The key then to implementing new habits is timing.

“Neck guards at the NHL level are a little more challenging. Most of the argument is heat,” said BriseBois. “But I think part of the solution is by making it mandatory at the grassroots level, so players grow up with that [neck guard] and that’s what they’re used to and then it’s not an adjustment when they get to the pro level.”

Grier is a 14-year NHL veteran and sympathetic from that standpoint to players not embracing alterations. But it’s also imperative NHLers understand the impact of their choices, too.

“When you see the close calls and hear someone like [Fitzgerald] talk about it passionately, it’s something that’s difficult,” said Grier. “We have to move in the direction that we’re protecting our players the best we can. I know when I played, I wanted to wear what I wanted to wear; I didn’t wear a visor and I got some cuts along the way but nothing too serious. That’s the hard part. We have to encourage our players to protect themselves.”

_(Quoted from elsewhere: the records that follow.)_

text \<open>Resources are indexed by [n] = {1..n}, player types by [k] = {1..k}.
  f j : cost function of resource j;  R i : the set of resources available to type i;
  w i j : the weighting function f^i_j.  A consumption profile is s :: nat => nat => real,
  where s i j is the fraction s_j(i) of type-i players using resource j; it is required
  to vanish outside [k] x [n] so that equality of profiles is equality of maps on [k].\<close>

definition rsg_game :: "nat \<Rightarrow> nat \<Rightarrow> (nat \<Rightarrow> real \<Rightarrow> real) \<Rightarrow> (nat \<Rightarrow> nat set)
    \<Rightarrow> (nat \<Rightarrow> nat \<Rightarrow> real \<Rightarrow> real) \<Rightarrow> bool" where
  "rsg_game n k f R w \<longleftrightarrow>
     (\<forall>j\<in>{1..n}. mono_on {0..} (f j)) \<and>
     (\<forall>i\<in>{1..k}. R i \<noteq> {} \<and> R i \<subseteq> {1..n}) \<and>
     (\<forall>i\<in>{1..k}. \<forall>j\<in>R i. strict_mono_on {0..1} (w i j) \<and> (\<forall>x\<in>{0..1}. w i j x \<ge> 0))"

definition consumption_profile :: "nat \<Rightarrow> nat \<Rightarrow> (nat \<Rightarrow> nat set) \<Rightarrow> (nat \<Rightarrow> nat \<Rightarrow> real) \<Rightarrow> bool" where
  "consumption_profile n k R s \<longleftrightarrow>
     (\<forall>i j. s i j \<noteq> 0 \<longrightarrow> i \<in> {1..k} \<and> j \<in> {1..n}) \<and>
     (\<forall>i\<in>{1..k}. (\<forall>j\<in>{1..n}. s i j \<ge> 0 \<and> (j \<notin> R i \<longrightarrow> s i j = 0))
                  \<and> (\<Sum>j\<in>{1..n}. s i j) = 1)"

definition load :: "nat \<Rightarrow> (nat \<Rightarrow> nat set) \<Rightarrow> (nat \<Rightarrow> nat \<Rightarrow> real \<Rightarrow> real)
    \<Rightarrow> (nat \<Rightarrow> nat \<Rightarrow> real) \<Rightarrow> nat \<Rightarrow> real" where
  "load k R w s j = (\<Sum>i\<in>{i\<in>{1..k}. j \<in> R i}. w i j (s i j))"

definition cost :: "nat \<Rightarrow> (nat \<Rightarrow> real \<Rightarrow> real) \<Rightarrow> (nat \<Rightarrow> nat set) \<Rightarrow> (nat \<Rightarrow> nat \<Rightarrow> real \<Rightarrow> real)
    \<Rightarrow> (nat \<Rightarrow> nat \<Rightarrow> real) \<Rightarrow> nat \<Rightarrow> real" where
  "cost k f R w s j = f j (load k R w s j)"

definition nash_eq :: "nat \<Rightarrow> nat \<Rightarrow> (nat \<Rightarrow> real \<Rightarrow> real) \<Rightarrow> (nat \<Rightarrow> nat set)
    \<Rightarrow> (nat \<Rightarrow> nat \<Rightarrow> real \<Rightarrow> real) \<Rightarrow> (nat \<Rightarrow> nat \<Rightarrow> real) \<Rightarrow> bool" where
  "nash_eq n k f R w s \<longleftrightarrow> consumption_profile n k R s \<and>
     (\<forall>i\<in>{1..k}. \<forall>l\<in>{1..n}. s i l > 0 \<longrightarrow> (\<forall>j\<in>R i. cost k f R w s l \<le> cost k f R w s j))"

That’s what Fitzgerald hopes Grier and the other GMs will do when they return to their teams. His goal in accepting Pasma’s invitation to talk about Casey was to spread awareness about how meaningful protective equipment is and what it stands to save players from. If that hits home for anyone in earshot, it’s a win for the Devils’ GM.

“My message was just, ‘tell the players you don’t want your parents potentially going through something like this,” he said. “[It’s] scary. Put as much protection on as you possibly can because you’re going to stop playing at some point, and you’re going to have to live the rest of your life. So live it.”